La televisión: un ejemplo
de “diosa todopoderosa” en la comunicación
Para entender este poder que detentan los medios, nos vamos a permitir
hacer un pequeño recorrido por el medio de comunicación que más ha impactado a
escala global en la población: la televisión. Sin dudas, ella es uno de los
inventos que más ha influido en la historia de la humanidad. Su importancia es
tremendamente grande, dado que influye en los cimientos mismos de la civilización:
es la expresión máxima de los medios masivos de comunicación, por tanto es
parte medular de la cultura, de esta sociedad que llamamos ahora “sociedad de
la información y la comunicación”. Lo es, de hecho, en forma cada vez más omnipresente,
más avasallante.
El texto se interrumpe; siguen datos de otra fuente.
(* Let $A$ be an algorithm of type GroupLIS$(\beta)$, $\beta\in\mathbb{N}$, run with some speedup $s$, and let $I$ be a time interval during which the list $L$ of pending tasks of some cost $c$ contains at least $\beta n^2$ tasks at all times. Then for any two distinct absolute task executions fully contained in $I$, of tasks $\tau_1,\tau_2\in L$ by processors $p_1$ and $p_2$ respectively, we have $\tau_1\ne\tau_2$.
   Context: Model: $n$ processors with ids $1,\dots,n$ and a shared repository; tasks with ids, arrival times and costs are injected over time, processors may crash and restart. A task is pending if injected and its completion not yet reported; once reported it is immediately removed from the pending set. A processor repeatedly obtains the pending set, chooses a task, executes it (a task of cost $\ell$ takes time $\ell/s$ under speedup $s$) and reports it; execution is non-preemptive and a crash loses progress. An absolute task execution of task $\tau$ is an interval $[t,t']$ such that a processor schedules $\tau$ at time $t$ and reports its completion at $t'$ without stopping its execution within $[t,t')$. An algorithm is of type GroupLIS$(\beta)$ if it partitions pending tasks into classes of equal cost, sorts each class in increasing order of arrival time, and whenever a class contains at least $\beta n^2$ pending tasks and a processor $p$ schedules a task from that class, it schedules the $(p\cdot\beta n)$-th task of the class. *)

theory Defs
  imports Complex_Main "HOL-Library.Product_Lexorder"
begin

text \<open>Processors are 1..n. Tasks are elements of a type 'a (their ids), with arrival
  (injection) time arr and cost cost. A run is described by
  exec p u = Some (tau, t): at time u processor p is executing task tau, whose
  (current, uninterrupted) execution it scheduled at time t; None: idle/crashed.
  A crash or a restart of a task loses progress: a new execution gets a new start time.\<close>

definition reports ::
  "nat \<Rightarrow> real \<Rightarrow> ('a \<Rightarrow> real) \<Rightarrow> (nat \<Rightarrow> real \<Rightarrow> ('a \<times> real) option)
   \<Rightarrow> nat \<Rightarrow> 'a \<Rightarrow> real \<Rightarrow> bool" where
  "reports n s cost exec p tau r \<longleftrightarrow>
     p \<in> {1..n} \<and>
     (\<exists>t. r = t + cost tau / s \<and> (\<forall>u. t \<le> u \<and> u < r \<longrightarrow> exec p u = Some (tau, t)))"

definition abs_exec ::
  "nat \<Rightarrow> real \<Rightarrow> ('a \<Rightarrow> real) \<Rightarrow> (nat \<Rightarrow> real \<Rightarrow> ('a \<times> real) option)
   \<Rightarrow> nat \<Rightarrow> 'a \<Rightarrow> real \<Rightarrow> real \<Rightarrow> bool" where
  "abs_exec n s cost exec p tau t t' \<longleftrightarrow>
     p \<in> {1..n} \<and> t' = t + cost tau / s \<and>
     (\<forall>u. t \<le> u \<and> u < t' \<longrightarrow> exec p u = Some (tau, t))"

definition pending ::
  "nat \<Rightarrow> real \<Rightarrow> ('a \<Rightarrow> real) \<Rightarrow> ('a \<Rightarrow> real) \<Rightarrow> (nat \<Rightarrow> real \<Rightarrow> ('a \<times> real) option)
   \<Rightarrow> real \<Rightarrow> 'a set" where
  "pending n s arr cost exec t =
     {tau. arr tau \<le> t \<and> \<not> (\<exists>p r. r \<le> t \<and> reports n s cost exec p tau r)}"

text \<open>The list L of pending tasks of cost c at time t (as a set).\<close>
definition pending_class ::
  "nat \<Rightarrow> real \<Rightarrow> ('a \<Rightarrow> real) \<Rightarrow> ('a \<Rightarrow> real) \<Rightarrow> (nat \<Rightarrow> real \<Rightarrow> ('a \<times> real) option)
   \<Rightarrow> real \<Rightarrow> real \<Rightarrow> 'a set" where
  "pending_class n s arr cost exec c t = {tau \<in> pending n s arr cost exec t. cost tau = c}"
(* Let $n\ge1$ be an integer, $1<p<p^*(n)$, where $p^*(n)=\infty$ if $n=1,2$ and $p^*(n)=\frac{n+2}{n-2}$ if $n\ge3$. Let $A_0$ be the unique positive radially symmetric classical solution of $\Delta A - A + A^p=0$ in $\mathbb{R}^n$, $\lim_{|x|\to\infty}A(x)=0$, $A(0)=\max A$, let $\alpha=\int_{\mathbb{R}^n}A_0^2\,dy$, and let $f(\omega)=(\omega-1)\omega^{\frac n2-\frac{2}{p-1}}$ for $\omega>0$. For $k>0$ consider the problem \[ \Delta A - A + A^p - kA\int_{\mathbb{R}^n} A^2\,dx = 0 \ \text{ in } \mathbb{R}^n,\qquad \lim_{|x|\to\infty}A(x)=0,\qquad A(0)=\max_{x\in\mathbb{R}^n}A(x). \tag{P} \] (i) If $k>0$ and $\omega>0$ satisfy $f(\omega)=k\alpha$, then $A(x):=\omega^{\frac{1}{p-1}}A_0(\sqrt{\omega}\,x)$ is a solution of (P). (ii) Conversely, if $A$ is a positive radially symmetric classical solution of (P) with $k>0$, then there exists $\omega>0$ with $f(\omega)=k\alpha$, and $A(x)=\omega^{\frac{1}{p-1}}A_0(\sqrt{\omega}\,x)$ for all $x\in\mathbb{R}^n$.
   Context: The existence and uniqueness of $A_0$ for $1<p<p^*(n)$, and its exponential decay (so $0<\alpha<\infty$), are known facts used to define $A_0$ and $\alpha$. *)

theory Defs
  imports "HOL-Analysis.Analysis"
begin

text \<open>Functions on R^n are modelled as functions on real^'n (n = CARD('n) >= 1).\<close>

definition C2 :: "(real^'n \<Rightarrow> real) \<Rightarrow> bool" where
  "C2 f \<longleftrightarrow> (\<forall>x. f differentiable (at x))
     \<and> (\<forall>v x. (\<lambda>y. frechet_derivative f (at y) v) differentiable (at x))
     \<and> (\<forall>v w. continuous_on UNIV
            (\<lambda>y. frechet_derivative (\<lambda>z. frechet_derivative f (at z) v) (at y) w))"

definition laplacian :: "(real^'n \<Rightarrow> real) \<Rightarrow> real^'n \<Rightarrow> real" where
  "laplacian f x = (\<Sum>i\<in>UNIV.
      frechet_derivative (\<lambda>y. frechet_derivative f (at y) (axis i 1)) (at x) (axis i 1))"

definition radial :: "(real^'n \<Rightarrow> real) \<Rightarrow> bool" where
  "radial f \<longleftrightarrow> (\<forall>x y. norm x = norm y \<longrightarrow> f x = f y)"

definition subcritical :: "nat \<Rightarrow> real \<Rightarrow> bool" where
  "subcritical n p \<longleftrightarrow> 1 < p \<and> (n \<ge> 3 \<longrightarrow> p < (real n + 2) / (real n - 2))"

definition ground_state :: "real \<Rightarrow> (real^'n \<Rightarrow> real) \<Rightarrow> bool" where
  "ground_state p A \<longleftrightarrow> C2 A \<and> (\<forall>x. A x > 0) \<and> radial A
     \<and> (\<forall>x. laplacian A x - A x + A x powr p = 0)
     \<and> (A \<longlongrightarrow> 0) at_infinity \<and> (\<forall>x. A x \<le> A 0)"

text \<open>Classical solution of problem (P) (the nonlocal term requires A^2 integrable).\<close>
definition solves_P :: "real \<Rightarrow> real \<Rightarrow> (real^'n \<Rightarrow> real) \<Rightarrow> bool" where
  "solves_P p k A \<longleftrightarrow> C2 A \<and> (\<lambda>x. (A x)^2) integrable_on UNIV
     \<and> (\<forall>x. laplacian A x - A x + A x powr p - k * A x * integral UNIV (\<lambda>y. (A y)^2) = 0)
     \<and> (A \<longlongrightarrow> 0) at_infinity \<and> (\<forall>x. A x \<le> A 0)"

definition fw :: "nat \<Rightarrow> real \<Rightarrow> real \<Rightarrow> real" where
  "fw n p \<omega> = (\<omega> - 1) * \<omega> powr (real n / 2 - 2 / (p - 1))"

end

theory Submission
  imports Defs
begin

text \<open>The rescaling \<open>A \<mapsto> \<omega> powr (1/(p-1)) * A (sqrt \<omega> x)\<close> turns solutions of
  \<open>\<Delta>A - A + A^p = 0\<close> into solutions of \<open>\<Delta>A - \<omega>A + A^p = 0\<close> and multiplies \<open>\<integral>A\<^sup>2\<close> by
  \<open>\<omega> powr (2/(p-1) - n/2)\<close>. A solution of (P) solves the local equation with
  \<open>\<omega> = 1 + k\<integral>A\<^sup>2\<close>, so by uniqueness of the ground state it is the \<open>\<omega>\<close>-rescaled \<open>A\<^sub>0\<close>;
  the nonlocal condition \<open>\<omega> - 1 = k\<integral>A\<^sup>2\<close> then reads \<open>f(\<omega>) = k\<alpha>\<close>, and conversely.\<close>

lemma has_integral_scaleR_UNIV:
  fixes f :: "'a::euclidean_space \<Rightarrow> 'b::banach"
  assumes f: "(f has_integral i) UNIV" and m: "m > 0"
  shows "((\<lambda>x. f (m *\<^sub>R x)) has_integral i /\<^sub>R m ^ DIM('a)) UNIV"
proof (subst has_integral', intro allI impI)
  fix e :: real assume "e > 0"
  then have "e * m ^ DIM('a) > 0" using m by simp
  then obtain B where "B > 0" and B: "\<And>a b. ball 0 B \<subseteq> cbox a b \<Longrightarrow>
      \<exists>z. (f has_integral z) (cbox a b) \<and> norm (z - i) < e * m ^ DIM('a)"
    using f[unfolded has_integral'[of f]] by (simp del: mult_pos_pos) blast
  show "\<exists>B>0. \<forall>a b. ball 0 B \<subseteq> cbox a b \<longrightarrow> (\<exists>z. ((\<lambda>x. if x \<in> UNIV then f (m *\<^sub>R x) else 0)
      has_integral z) (cbox a b) \<and> norm (z - i /\<^sub>R m ^ DIM('a)) < e)"
  proof (intro exI[of _ "B / m"] conjI allI impI)
    show "B / m > 0" using \<open>B > 0\<close> m by simp
    fix a b :: 'a assume ab: "ball 0 (B / m) \<subseteq> cbox a b"
    have "ball 0 B \<subseteq> cbox (m *\<^sub>R a) (m *\<^sub>R b)"
    proof
      fix y :: 'a assume "y \<in> ball 0 B"
      then have "y /\<^sub>R m \<in> cbox a b" using ab m by (auto simp: divide_simps)
      then show "y \<in> cbox (m *\<^sub>R a) (m *\<^sub>R b)"
        using m by (auto simp: mem_box inner_scaleR_left field_simps)
    qed
    then obtain z where z: "(f has_integral z) (cbox (m *\<^sub>R a) (m *\<^sub>R b))"
      and "norm (z - i) < e * m ^ DIM('a)" using B by blast
    moreover have "norm (z /\<^sub>R m ^ DIM('a) - i /\<^sub>R m ^ DIM('a)) = norm (z - i) / m ^ DIM('a)"
      using m by (simp flip: scaleR_diff_right add: divide_inverse_commute)
    ultimately have "norm (z /\<^sub>R m ^ DIM('a) - i /\<^sub>R m ^ DIM('a)) < e"
      using m by (simp add: pos_divide_less_eq)
    moreover have "((\<lambda>x. f (m *\<^sub>R x)) has_integral z /\<^sub>R m ^ DIM('a)) (cbox a b)"
      using has_integral_affinity'[OF z m, of 0] m by simp
    ultimately show "\<exists>z. ((\<lambda>x. if x \<in> UNIV then f (m *\<^sub>R x) else 0) has_integral z) (cbox a b)
        \<and> norm (z - i /\<^sub>R m ^ DIM('a)) < e" by auto
  qed
qed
Sin temor a equivocarnos podemos decir que el siglo XXI será
el siglo de la cultura de la imagen, de la pantalla, cultura que ya se entronizó
en las pasadas décadas del siglo XX y que, tal como se ven las cosas, parece
afianzarse cada vez con más fuerza sin posibilidad de retroceso. El “¡no
piense, mire la pantalla!” parece haber llegado para quedarse. Hoy día esa
pantalla ya no es sólo la televisión; ahí tenemos también la de los teléfonos
celulares, la de las agendas electrónicas, las sofisticaciones de plasma
líquido que nos invitan por todas partes a quedar anonadados. En definitiva: la
imagen nos va envolviendo cada vez más siguiendo el modelo televisivo.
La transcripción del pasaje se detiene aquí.